[Collected data]
lemma deriv_negative_of_tendsto_zero:
  fixes r v :: "real \<Rightarrow> real"
  assumes r': "\<And>t. t \<in> {s<..<b} \<Longrightarrow> (r has_real_derivative v t) (at t)"
    and v_cont: "\<And>t. t \<in> {s<..<b} \<Longrightarrow> isCont v t"
    and v_nonzero: "\<And>t. t \<in> {s<..<b} \<Longrightarrow> v t \<noteq> 0"
    and r_pos: "\<And>t. t \<in> {s<..<b} \<Longrightarrow> 0 < r t" and r_lim: "(r \<longlongrightarrow> 0) (at_left b)"
    and t: "t \<in> {s<..<b}"
  shows "v t < 0"
proof (rule ccontr)
  assume "\<not> v t < 0"
  then have "0 < v t"
    using v_nonzero[OF t] by linarith
  have v_pos: "0 < v x" if x: "x \<in> {t..<b}" for x
  proof (rule ccontr)
    assume "\<not> 0 < v x"
    moreover have "continuous_on {t..x} v"
      using x t by (intro continuous_at_imp_continuous_on ballI v_cont) auto
    ultimately obtain y where "t \<le> y" "y \<le> x" "v y = 0"
      using IVT2'[of v x 0 t] \<open>0 < v t\<close> x by auto
    then show False
      using v_nonzero[of y] x t by auto
  qed
  have "r t \<le> r x" if "x \<in> {t..<b}" for x
  proof (rule DERIV_nonneg_imp_nondecreasing[where f = r])
    show "\<exists>y. (r has_real_derivative y) (at z) \<and> 0 \<le> y" if "t \<le> z" "z \<le> x" for z
      using r'[of z] v_pos[of z] that \<open>x \<in> {t..<b}\<close> t by (auto intro!: less_imp_le)
  qed (use that in simp)
  then have "r t \<le> 0"
    using eventually_at_left_real[of t b] t
    by (intro tendsto_lowerbound[OF r_lim]) (auto elim!: eventually_mono)
  then show False
    using r_pos[OF t] by simp
qed

section \<open>Local existence by Picard iteration\<close>

(* Clamping the upper limit of integration turns the Picard operator into a self-map of the
   bounded continuous functions on the whole line, where Banach's fixed point theorem applies. *)
definition picard_map :: "('a::banach \<Rightarrow> 'a) \<Rightarrow> 'a \<Rightarrow> real \<Rightarrow> real \<Rightarrow> (real \<Rightarrow> 'a) \<Rightarrow> real \<Rightarrow> 'a"
  where "picard_map F y0 t0 t1 \<phi> t = y0 + integral {t0..clamp t0 t1 t} (\<lambda>s. F (\<phi> s))"

lemma clamp_real_mem: "t0 \<le> t1 \<Longrightarrow> clamp t0 t1 t \<in> {t0..t1}" for t :: real
  using clamp_in_interval[of t0 t1 t] by simp

lemma clamp_real_cancel: "t \<in> {t0..t1} \<Longrightarrow> clamp t0 t1 t = t" for t :: real
  using clamp_cancel_cbox[of t t0 t1] by simp

context
  fixes F :: "'a::banach \<Rightarrow> 'a" and y0 :: 'a and b M t0 t1 :: real and \<phi> :: "real \<Rightarrow> 'a"
  assumes F_cont: "continuous_on (cball y0 b) F"
    and \<phi>_cont: "continuous_on {t0..t1} \<phi>" and \<phi>_mem: "\<And>t. t \<in> {t0..t1} \<Longrightarrow> \<phi> t \<in> cball y0 b"
    and "t0 \<le> t1"
begin

lemma continuous_on_field_along:
  "continuous_on {t0..t} (\<lambda>s. F (\<phi> s))" if "t \<le> t1"
  using that \<phi>_mem by (intro continuous_on_compose2[OF F_cont continuous_on_subset[OF \<phi>_cont]]) auto

lemma picard_map_mem_cball:
  assumes bound: "\<And>p. p \<in> cball y0 b \<Longrightarrow> norm (F p) \<le> M" and "(t1 - t0) * M \<le> b"
  shows "picard_map F y0 t0 t1 \<phi> t \<in> cball y0 b"
proof -
  have t: "clamp t0 t1 t \<in> {t0..t1}"
    using clamp_real_mem \<open>t0 \<le> t1\<close> .
  have "norm (integral {t0..clamp t0 t1 t} (\<lambda>s. F (\<phi> s))) \<le> M * (clamp t0 t1 t - t0)"
    using t \<phi>_mem by (intro integral_bound continuous_on_field_along bound) auto
  also have "\<dots> \<le> M * (t1 - t0)"
    using t order_trans[OF norm_ge_zero bound[OF \<phi>_mem, of t0]] \<open>t0 \<le> t1\<close>
    by (intro mult_left_mono) auto
  finally show ?thesis
    using \<open>(t1 - t0) * M \<le> b\<close> by (simp add: picard_map_def dist_norm mult.commute)
qed

lemma picard_map_bcontfun:
  assumes bound: "\<And>p. p \<in> cball y0 b \<Longrightarrow> norm (F p) \<le> M" and "(t1 - t0) * M \<le> b"
  shows "picard_map F y0 t0 t1 \<phi> \<in> bcontfun"
  unfolding bcontfun_def mem_Collect_eq
proof
  have "continuous_on {t0..t1} (\<lambda>u. integral {t0..u} (\<lambda>s. F (\<phi> s)))"
    by (intro indefinite_integral_continuous_1 integrable_continuous_real continuous_on_field_along)
      simp
  then show "continuous_on UNIV (picard_map F y0 t0 t1 \<phi>)"
    unfolding picard_map_def using \<open>t0 \<le> t1\<close>
    by (intro continuous_intros clamp_continuous_on) (simp add: cbox_interval)
  show "bounded (range (picard_map F y0 t0 t1 \<phi>))"
    using picard_map_mem_cball[OF assms] by (intro bounded_subset[OF bounded_cball]) auto
qed

lemma picard_map_has_vector_derivative:
  assumes "t \<in> {t0..t1}"
  shows "(picard_map F y0 t0 t1 \<phi> has_vector_derivative F (\<phi> t)) (at t within {t0..t1})"
proof (rule has_vector_derivative_transform[OF assms])
  show "((\<lambda>u. y0 + integral {t0..u} (\<lambda>s. F (\<phi> s))) has_vector_derivative F (\<phi> t))
      (at t within {t0..t1})"
    using has_vector_derivative_add[OF has_vector_derivative_const
        integral_has_vector_derivative[OF continuous_on_field_along assms]] by simp
  show "picard_map F y0 t0 t1 \<phi> u = y0 + integral {t0..u} (\<lambda>s. F (\<phi> s))" if "u \<in> {t0..t1}" for u
    using that by (simp add: picard_map_def clamp_real_cancel)
qed

end

lemma picard_map_dist:
  fixes F :: "'a::banach \<Rightarrow> 'a"
  assumes lip: "L-lipschitz_on (cball y0 b) F" and "t0 \<le> t1"
    and cont: "continuous_on {t0..t1} \<phi>" "continuous_on {t0..t1} \<psi>"
    and mem: "\<And>t. t \<in> {t0..t1} \<Longrightarrow> \<phi> t \<in> cball y0 b" "\<And>t. t \<in> {t0..t1} \<Longrightarrow> \<psi> t \<in> cball y0 b"
    and d: "\<And>t. t \<in> {t0..t1} \<Longrightarrow> dist (\<phi> t) (\<psi> t) \<le> d"
  shows "dist (picard_map F y0 t0 t1 \<phi> t) (picard_map F y0 t0 t1 \<psi> t) \<le> (t1 - t0) * L * d"
proof -
  have F_cont: "continuous_on (cball y0 b) F"
    using lip by (rule lipschitz_on_continuous_on)
  have t: "clamp t0 t1 t \<in> {t0..t1}"
    using clamp_real_mem \<open>t0 \<le> t1\<close> .
  have cont_F\<phi>: "continuous_on {t0..clamp t0 t1 t} (\<lambda>s. F (\<phi> s))"
    and cont_F\<psi>: "continuous_on {t0..clamp t0 t1 t} (\<lambda>s. F (\<psi> s))"
    using t continuous_on_field_along[OF F_cont cont(1) mem(1) \<open>t0 \<le> t1\<close>]
      continuous_on_field_along[OF F_cont cont(2) mem(2) \<open>t0 \<le> t1\<close>] by auto
  have L: "0 \<le> L"
    using lip by (rule lipschitz_on_nonneg)
  have "dist (picard_map F y0 t0 t1 \<phi> t) (picard_map F y0 t0 t1 \<psi> t)
      = norm (integral {t0..clamp t0 t1 t} (\<lambda>s. F (\<phi> s) - F (\<psi> s)))"
    unfolding picard_map_def dist_norm
    by (simp add: integral_diff integrable_continuous_real[OF cont_F\<phi>]
        integrable_continuous_real[OF cont_F\<psi>])
  also have "\<dots> \<le> (L * d) * (clamp t0 t1 t - t0)"
  proof (rule integral_bound)
    show "continuous_on {t0..clamp t0 t1 t} (\<lambda>s. F (\<phi> s) - F (\<psi> s))"
      using cont_F\<phi> cont_F\<psi> by (rule continuous_on_diff)
    fix s assume "s \<in> {t0..clamp t0 t1 t}"
    then have s: "s \<in> {t0..t1}"
      using t by auto
    have "norm (F (\<phi> s) - F (\<psi> s)) \<le> L * dist (\<phi> s) (\<psi> s)"
      using lipschitz_onD[OF lip mem(1)[OF s] mem(2)[OF s]] by (simp add: dist_norm)
    also have "\<dots> \<le> L * d"
      using d[OF s] L by (rule mult_left_mono)
    finally show "norm (F (\<phi> s) - F (\<psi> s)) \<le> L * d" .
  qed (use t in auto)
  also have "\<dots> \<le> (L * d) * (t1 - t0)"
    using t L order_trans[OF zero_le_dist d, of t0] \<open>t0 \<le> t1\<close> by (intro mult_left_mono) auto
  finally show ?thesis
    by (simp add: ac_simps)
qed

lemma picard_map_fixed_point:
  fixes F :: "'a::banach \<Rightarrow> 'a"
  assumes lip: "L-lipschitz_on (cball y0 b) F" and "0 < b"
    and bound: "\<And>p. p \<in> cball y0 b \<Longrightarrow> norm (F p) \<le> M"
    and \<eta>: "0 \<le> \<eta>" "\<eta> * M \<le> b" "\<eta> * L \<le> 1 / 2"
  obtains \<phi> where "continuous_on UNIV \<phi>" "\<And>t. \<phi> t \<in> cball y0 b"
    "picard_map F y0 t0 (t0 + \<eta>) \<phi> = \<phi>"
proof -
  have F_cont: "continuous_on (cball y0 b) F"
    using lip by (rule lipschitz_on_continuous_on)
  define S :: "(real \<Rightarrow>\<^sub>C 'a) set" where "S = PiC UNIV (\<lambda>_. cball y0 b)"
  have S_iff: "f \<in> S \<longleftrightarrow> (\<forall>t. apply_bcontfun f t \<in> cball y0 b)" for f
    by (simp add: S_def mem_PiC_iff Pi_iff)
  let ?P = "picard_map F y0 t0 (t0 + \<eta>)"
  have P: "?P (apply_bcontfun f) \<in> bcontfun" "?P (apply_bcontfun f) t \<in> cball y0 b"
    if "f \<in> S" for f t
    using picard_map_bcontfun[OF F_cont _ _ _ bound] picard_map_mem_cball[OF F_cont _ _ _ bound]
      that \<eta> by (auto simp: S_iff mult.commute)
  define T :: "(real \<Rightarrow>\<^sub>C 'a) \<Rightarrow> (real \<Rightarrow>\<^sub>C 'a)"
    where "T f = Bcontfun (?P (apply_bcontfun f))" for f
  have T: "apply_bcontfun (T f) = ?P (apply_bcontfun f)" if "f \<in> S" for f
    using P(1)[OF that] by (simp add: T_def Bcontfun_inverse)
  have "\<exists>!f\<in>S. T f = f"
  proof (rule Banach_fix)
    show "complete S"
      by (simp add: S_def complete_eq_closed closed_PiC)
    have "const_bcontfun y0 \<in> S"
      using \<open>0 < b\<close> by (simp add: S_iff const_bcontfun.rep_eq)
    then show "S \<noteq> {}"
      by blast
    show "T ` S \<subseteq> S"
      using T P(2) by (auto simp: S_iff)
    show "dist (T f) (T g) \<le> 1 / 2 * dist f g" if "f \<in> S" "g \<in> S" for f g
    proof (rule dist_bound)
      fix t
      have "dist (?P (apply_bcontfun f) t) (?P (apply_bcontfun g) t) \<le> (t0 + \<eta> - t0) * L * dist f g"
        using that \<eta> by (intro picard_map_dist[OF lip] dist_bounded) (auto simp: S_iff)
      also have "\<dots> \<le> 1 / 2 * dist f g"
        using \<eta>(3) by (intro mult_right_mono) simp_all
      finally show "dist (T f t) (T g t) \<le> 1 / 2 * dist f g"
        using T that by simp
    qed
  qed simp_all
  then obtain f where "f \<in> S" "T f = f"
    by blast
  then have "?P (apply_bcontfun f) = apply_bcontfun f"
    using T by metis
  then show thesis
    using that[of "apply_bcontfun f"] \<open>f \<in> S\<close> by (simp add: S_iff)
qed
(* Let $m,n$ be positive integers. The $m\times n$ matrices $B_{1,1},\dots,B_{m,n-1}$ (that is, $B_{i,j}$ for $i\in[m]$, $j\in[n-1]$) together with $C_n$ are linearly independent.
   Context: For $i\in[m]$ and $j\in[n-1]$, $B_{i,j}$ is the $m\times n$ $(0,1)$-matrix whose $(i,j)$ entry is $1$, whose $(j+1)$-th column has all entries equal to $1$ except the $(i,j+1)$ entry which is $0$, and all of whose other entries are $0$. $C_n$ is the $m\times n$ $(0,1)$-matrix whose $n$-th column is all $1$'s and all other entries $0$. *)

theory Defs
  imports Complex_Main
begin

text \<open>An m x n matrix is represented as a function on 1-based indices
  (row r in {1..m}, column s in {1..n}); entries outside are irrelevant.\<close>

definition Bmat :: "nat \<Rightarrow> nat \<Rightarrow> nat \<Rightarrow> nat \<Rightarrow> real" where
  "Bmat i j r s = (if r = i \<and> s = j then 1
                   else if s = j + 1 \<and> r \<noteq> i then 1 else 0)"

definition Cmat :: "nat \<Rightarrow> nat \<Rightarrow> nat \<Rightarrow> real" where
  "Cmat n r s = (if s = n then 1 else 0)"

end

theory Submission
  imports Defs
begin

text \<open>Read column by column, a vanishing combination forces the coefficients to vanish
  from left to right: in column 1 only the entry of \<open>B\<^sub>r\<^sub>,\<^sub>1\<close> is nonzero at row \<open>r\<close>;
  in column \<open>s + 1\<close> the contributions of the \<open>B\<^sub>i\<^sub>,\<^sub>s\<close> are already known to be zero, so
  again only \<open>B\<^sub>r\<^sub>,\<^sub>s\<^sub>+\<^sub>1\<close> remains; finally, column \<open>n\<close> isolates the coefficient
  of \<open>C\<^sub>n\<close>.\<close>

lemma sum_Bmat_entry:
  assumes "r \<in> {1..m}" and "s \<in> {1..n}"
  shows "(\<Sum>i=1..m. \<Sum>j=1..n-1. a i j * Bmat i j r s) =
    (if s < n then a r s else 0) + (if 1 < s then (\<Sum>i\<in>{1..m}-{r}. a i (s-1)) else 0)"
proof -
  have inner: "(\<Sum>j=1..n-1. a i j * Bmat i j r s) =
      (if i = r \<and> s < n then a i s else 0) + (if i \<noteq> r \<and> 1 < s then a i (s-1) else 0)" for i
  proof -
    have "(\<Sum>j=1..n-1. a i j * Bmat i j r s) =
        (\<Sum>j=1..n-1. if j = s then of_bool (i = r) * a i j else 0) +
        (\<Sum>j=1..n-1. if j = s - 1 then of_bool (i \<noteq> r \<and> 1 < s) * a i j else 0)"
      unfolding sum.distrib[symmetric] using assms(2) by (intro sum.cong) (auto simp: Bmat_def)
    also have "\<dots> = (if i = r \<and> s < n then a i s else 0) + (if i \<noteq> r \<and> 1 < s then a i (s-1) else 0)"
      using assms(2) by (auto simp: sum.delta)
    finally show ?thesis .
  qed
  have "(\<Sum>i=1..m. \<Sum>j=1..n-1. a i j * Bmat i j r s) =
      (\<Sum>i=1..m. if i = r then (if s < n then a i s else 0) else 0) +
      (\<Sum>i=1..m. if i \<in> {1..m}-{r} then (if 1 < s then a i (s-1) else 0) else 0)"
    unfolding inner sum.distrib[symmetric] by (intro sum.cong) auto
  also have "\<dots> = (if s < n then a r s else 0) + (if 1 < s then (\<Sum>i\<in>{1..m}-{r}. a i (s-1)) else 0)"
    using assms(1) by (auto simp: sum.delta sum.If_cases intro!: sum.cong)
  finally show ?thesis .
qed

lemma columns_vanish:
  fixes a :: "nat \<Rightarrow> nat \<Rightarrow> 'a::comm_monoid_add"
  assumes entry: "\<And>r s. r \<in> {1..m} \<Longrightarrow> s \<in> {1..<n} \<Longrightarrow>
      a r s + (if 1 < s then (\<Sum>i\<in>{1..m}-{r}. a i (s-1)) else 0) = 0"
  shows "r \<in> {1..m} \<Longrightarrow> s \<in> {1..<n} \<Longrightarrow> a r s = 0"
proof (induction s arbitrary: r)
  case 0
  then show ?case by simp
next
  case (Suc t)
  have "(\<Sum>i\<in>{1..m}-{r}. a i t) = 0" if "1 < Suc t"
    using Suc.IH Suc.prems(2) that by (intro sum.neutral) auto
  then show ?case
    using entry[OF Suc.prems] by (simp split: if_splits)
qed

theorem mainTheorem7:
  fixes m n :: nat and a :: "nat \<Rightarrow> nat \<Rightarrow> real" and c :: real
  assumes "1 \<le> m" and "1 \<le> n"
    and "\<forall>r\<in>{1..m}. \<forall>s\<in>{1..n}.
           (\<Sum>i=1..m. \<Sum>j=1..n-1. a i j * Bmat i j r s) + c * Cmat n r s = 0"
  shows "(\<forall>i\<in>{1..m}. \<forall>j\<in>{1..n-1}. a i j = 0) \<and> c = 0"
proof -
  have entry: "(if s < n then a r s else 0) + (if 1 < s then (\<Sum>i\<in>{1..m}-{r}. a i (s-1)) else 0)
      + (if s = n then c else 0) = 0" if "r \<in> {1..m}" "s \<in> {1..n}" for r s
    using assms(3)[rule_format, OF that] that unfolding sum_Bmat_entry[OF that] Cmat_def by auto
  have a_zero: "a r s = 0" if "r \<in> {1..m}" "s \<in> {1..<n}" for r s
    by (rule columns_vanish[OF _ that]) (use entry in fastforce)
  have "(\<Sum>i\<in>{1..m}-{1}. a i (n-1)) = 0" if "1 < n"
    using that by (intro sum.neutral) (auto intro: a_zero)
  then have "c = 0"
    using entry[of 1 n] assms(1,2) by (simp split: if_splits)
  then show ?thesis
    using a_zero by auto
qed

end
lemma Der_bracket_sd_to_der_at:
  assumes x: "x \<in> Hp_carrier (2*m)" and x': "x' \<in> Hp_carrier (2*m)" and y: "y \<in> Hp_carrier (2*m)"
  shows "Der_bracket m (sd_to_der m (x, u)) (sd_to_der m (x', u')) y t =
    Hp_bracket m x (Hp_bracket m x' y) t + Hp_bracket m x (act (2*m) u' y) t
      + pairing (2*m) u t * Hp_bracket m x' y t + pairing (2*m) u t * (pairing (2*m) u' t * y t)
    - (Hp_bracket m x' (Hp_bracket m x y) t + Hp_bracket m x' (act (2*m) u y) t
      + pairing (2*m) u' t * Hp_bracket m x y t + pairing (2*m) u' t * (pairing (2*m) u t * y t))"
proof -
  let ?P = "sd_to_der m (x, u)" and ?Q = "sd_to_der m (x', u')"
  have "Der_bracket m ?P ?Q y t = Hp_bracket m x (?Q y) t + pairing (2*m) u t * ?Q y t
      - (Hp_bracket m x' (?P y) t + pairing (2*m) u' t * ?P y t)"
    using y sd_to_der_closed[OF x y] sd_to_der_closed[OF x' y]
    by (simp add: Der_bracket_def sd_to_der_apply vadd_def vsmult_def act_def)
  then show ?thesis
    unfolding sd_to_der_apply[OF y] Hp_bracket_add_right[OF x Hp_bracket_closed[OF x' y] act_closed[OF y]]
      Hp_bracket_add_right[OF x' Hp_bracket_closed[OF x y] act_closed[OF y]]
    by (simp add: vadd_def act_def distrib_left)
qed
(* Assume the setting in the context (in particular Assumption (A)). Let $\rho>0$, let $v_0\in V_f(\rho)$ and let $n$ be an integer with $n>\bar n_\rho$. Consider the fixed-rate restart recursion $v_{j+1}=\mathcal{A}(v_j,n)$, $j\geq 0$. Let $\epsilon>0$. Then: (i) the inequality $f(v_{M-1})-f(v_M)\leq \epsilon$ holds for every integer $M\geq \bar M$, where $$\bar M := 1+\frac{1}{2(\ln n-\ln \bar n_\rho)}\ln\left(1+\frac{f(v_0)-f^*}{\epsilon}\right);$$ (ii) if $n=\lceil e\,\bar n_\rho\rceil$, then the total number of iterations of $\mathcal{A}$ required to attain $f(v_{j-1})-f(v_j)\leq\epsilon$ (i.e. $n$ times the smallest $j\geq 1$ for which this holds) is upper bounded by $$\bar N_F^* := \lceil e\,\bar n_\rho\rceil\left\lceil 1+\frac12\ln\left(1+\frac{f(v_0)-f^*}{\epsilon}\right)\right\rceil.$$
   Context: Let $f:\mathbb{R}^n\to(-\infty,\infty]$ be a proper closed convex function such that the problem $f^*=\min_{x\in\mathbb{R}^n}f(x)$ is solvable. Let $\Omega_f=\{x: f(x)=f^*\}$ be the optimal set, fix a norm $\|\cdot\|$ on $\mathbb{R}^n$ with dual norm $\|y\|_*=\sup\{y^Tz:\|z\|\leq 1\}$, and for $x\in\mathbb{R}^n$ let $\bar x=\arg\min_{z\in\Omega_f}\|x-z\|$. For $\rho\geq0$ let $V_f(\rho)=\{x\in\mathbb{R}^n: f(x)-f^*\leq\rho\}$. Let $\mathcal{A}$ be an iterative algorithm: for an initial point $x_0\in\mathrm{dom} f$ and integer $k\geq1$, $\mathcal{A}(x_0,k)\in\mathbb{R}^n$ denotes its $k$-th iterate started from $x_0$. Assumption (A): (i) for every $\rho>0$ there is $\mu_\rho>0$ with $f(x_0)-f^*\geq\frac{\mu_\rho}{2}\|x_0-\bar x_0\|^2$ for all $x_0\in V_f(\rho)$; (ii) there exist constants $a_f>0$, $L_f>0$ and a map $g:\mathbb{R}^n\to\mathbb{R}^n$ with $g(x)=0\iff x\in\Omega_f$ such that for every $x_0\in\mathrm{dom} f$: $f(\mathcal{A}(x_0,1))\leq f(x_0)-\frac{1}{2L_f}\|g(x_0)\|_*^2$ and $f(\mathcal{A}(x_0,k))-f^*\leq\frac{a_f}{(k+1)^2}\|x_0-\bar x_0\|^2$ for all $k\geq1$; (iii) $\bar n_\rho:=\max\{\frac12,\sqrt{2a_f/\mu_\rho}\}$. Here $e$ is Euler's number and $\lceil\cdot\rceil$ the ceiling. *)

theory Defs
  imports "HOL-Analysis.Analysis"
begin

Work task: Print again the lines of the entries above that fall between the line holding "isolates the coefficient" and the line holding "unfolding sum.distrib[symmetric] using", inclusive, exactly as they stand.

Solution for this task:
  again only \<open>B\<^sub>r\<^sub>,\<^sub>s\<^sub>+\<^sub>1\<close> remains; finally, column \<open>n\<close> isolates the coefficient
  of \<open>C\<^sub>n\<close>.\<close>

lemma sum_Bmat_entry:
  assumes "r \<in> {1..m}" and "s \<in> {1..n}"
  shows "(\<Sum>i=1..m. \<Sum>j=1..n-1. a i j * Bmat i j r s) =
    (if s < n then a r s else 0) + (if 1 < s then (\<Sum>i\<in>{1..m}-{r}. a i (s-1)) else 0)"
proof -
  have inner: "(\<Sum>j=1..n-1. a i j * Bmat i j r s) =
      (if i = r \<and> s < n then a i s else 0) + (if i \<noteq> r \<and> 1 < s then a i (s-1) else 0)" for i
  proof -
    have "(\<Sum>j=1..n-1. a i j * Bmat i j r s) =
        (\<Sum>j=1..n-1. if j = s then of_bool (i = r) * a i j else 0) +
        (\<Sum>j=1..n-1. if j = s - 1 then of_bool (i \<noteq> r \<and> 1 < s) * a i j else 0)"
      unfolding sum.distrib[symmetric] using assms(2) by (intro sum.cong) (auto simp: Bmat_def)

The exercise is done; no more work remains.